• _Requirement_: Determine the number of lines in the data below that contain the string "rule", and respond with that number alone.

[Recorded information Boundary: Start]

lemma T_range: "a \<in> {0..1} \<Longrightarrow> b \<in> {0..1} \<Longrightarrow> T a b \<in> {0..1}"
  and T_assoc: "a \<in> {0..1} \<Longrightarrow> b \<in> {0..1} \<Longrightarrow> c \<in> {0..1} \<Longrightarrow> T (T a b) c = T a (T b c)"
  and T_comm: "a \<in> {0..1} \<Longrightarrow> b \<in> {0..1} \<Longrightarrow> T a b = T b a"
  and T_one: "a \<in> {0..1} \<Longrightarrow> T a 1 = a"
  and T_mono: "a \<in> {0..1} \<Longrightarrow> b \<in> {0..1} \<Longrightarrow> c \<in> {0..1} \<Longrightarrow> d \<in> {0..1} \<Longrightarrow>
     a \<le> c \<Longrightarrow> b \<le> d \<Longrightarrow> T a b \<le> T c d"
  using tnorm unfolding tnorm_def by blast+

lemma T_le_left: "a \<in> {0..1} \<Longrightarrow> b \<in> {0..1} \<Longrightarrow> T a b \<le> a"
  using T_mono[of a b a 1] T_one[of a] by auto

lemma T_le_right: "a \<in> {0..1} \<Longrightarrow> b \<in> {0..1} \<Longrightarrow> T a b \<le> b"
  using T_le_left[of b a] T_comm[of a b] by simp

lemma T_zero: "a \<in> {0..1} \<Longrightarrow> T a 0 = 0"
  using T_le_right[of a 0] T_range[of a 0] by auto

text \<open>Extending T to all of \<real> by clamping its arguments makes it an abelian semigroup
  without side conditions, so that associativity and commutativity can be used by the simplifier.\<close>

definition Tc :: "real \<Rightarrow> real \<Rightarrow> real" where
  "Tc a b = T (unit_clamp a) (unit_clamp b)"

lemma Tc_eq_T: "a \<in> {0..1} \<Longrightarrow> b \<in> {0..1} \<Longrightarrow> Tc a b = T a b"
  by (simp add: Tc_def unit_clamp_id)

lemma Tc_range: "Tc a b \<in> {0..1}"
  unfolding Tc_def by (rule T_range[OF unit_clamp_range unit_clamp_range])

lemma Tc_mono: "a \<le> c \<Longrightarrow> b \<le> d \<Longrightarrow> Tc a b \<le> Tc c d"
  unfolding Tc_def by (intro T_mono unit_clamp_range unit_clamp_mono)

lemma Tc_le_left: "a \<in> {0..1} \<Longrightarrow> Tc a b \<le> a"
  unfolding Tc_def using T_le_left[OF unit_clamp_range unit_clamp_range, of a b] unit_clamp_id[of a] by simp

lemma Tc_le_right: "b \<in> {0..1} \<Longrightarrow> Tc a b \<le> b"
  unfolding Tc_def using T_le_right[OF unit_clamp_range unit_clamp_range, of a b] unit_clamp_id[of b] by simp

sublocale Tc: abel_semigroup Tc
proof
  show "Tc (Tc a b) c = Tc a (Tc b c)" for a b c
    using T_assoc[OF unit_clamp_range unit_clamp_range unit_clamp_range, of a b c]
    unfolding Tc_def by (simp only: unit_clamp_id[OF T_range[OF unit_clamp_range unit_clamp_range]])
  show "Tc a b = Tc b a" for a b
    unfolding Tc_def by (rule T_comm[OF unit_clamp_range unit_clamp_range])
qed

[Recorded information Boundary: End]

• _Result of the exercise_: 2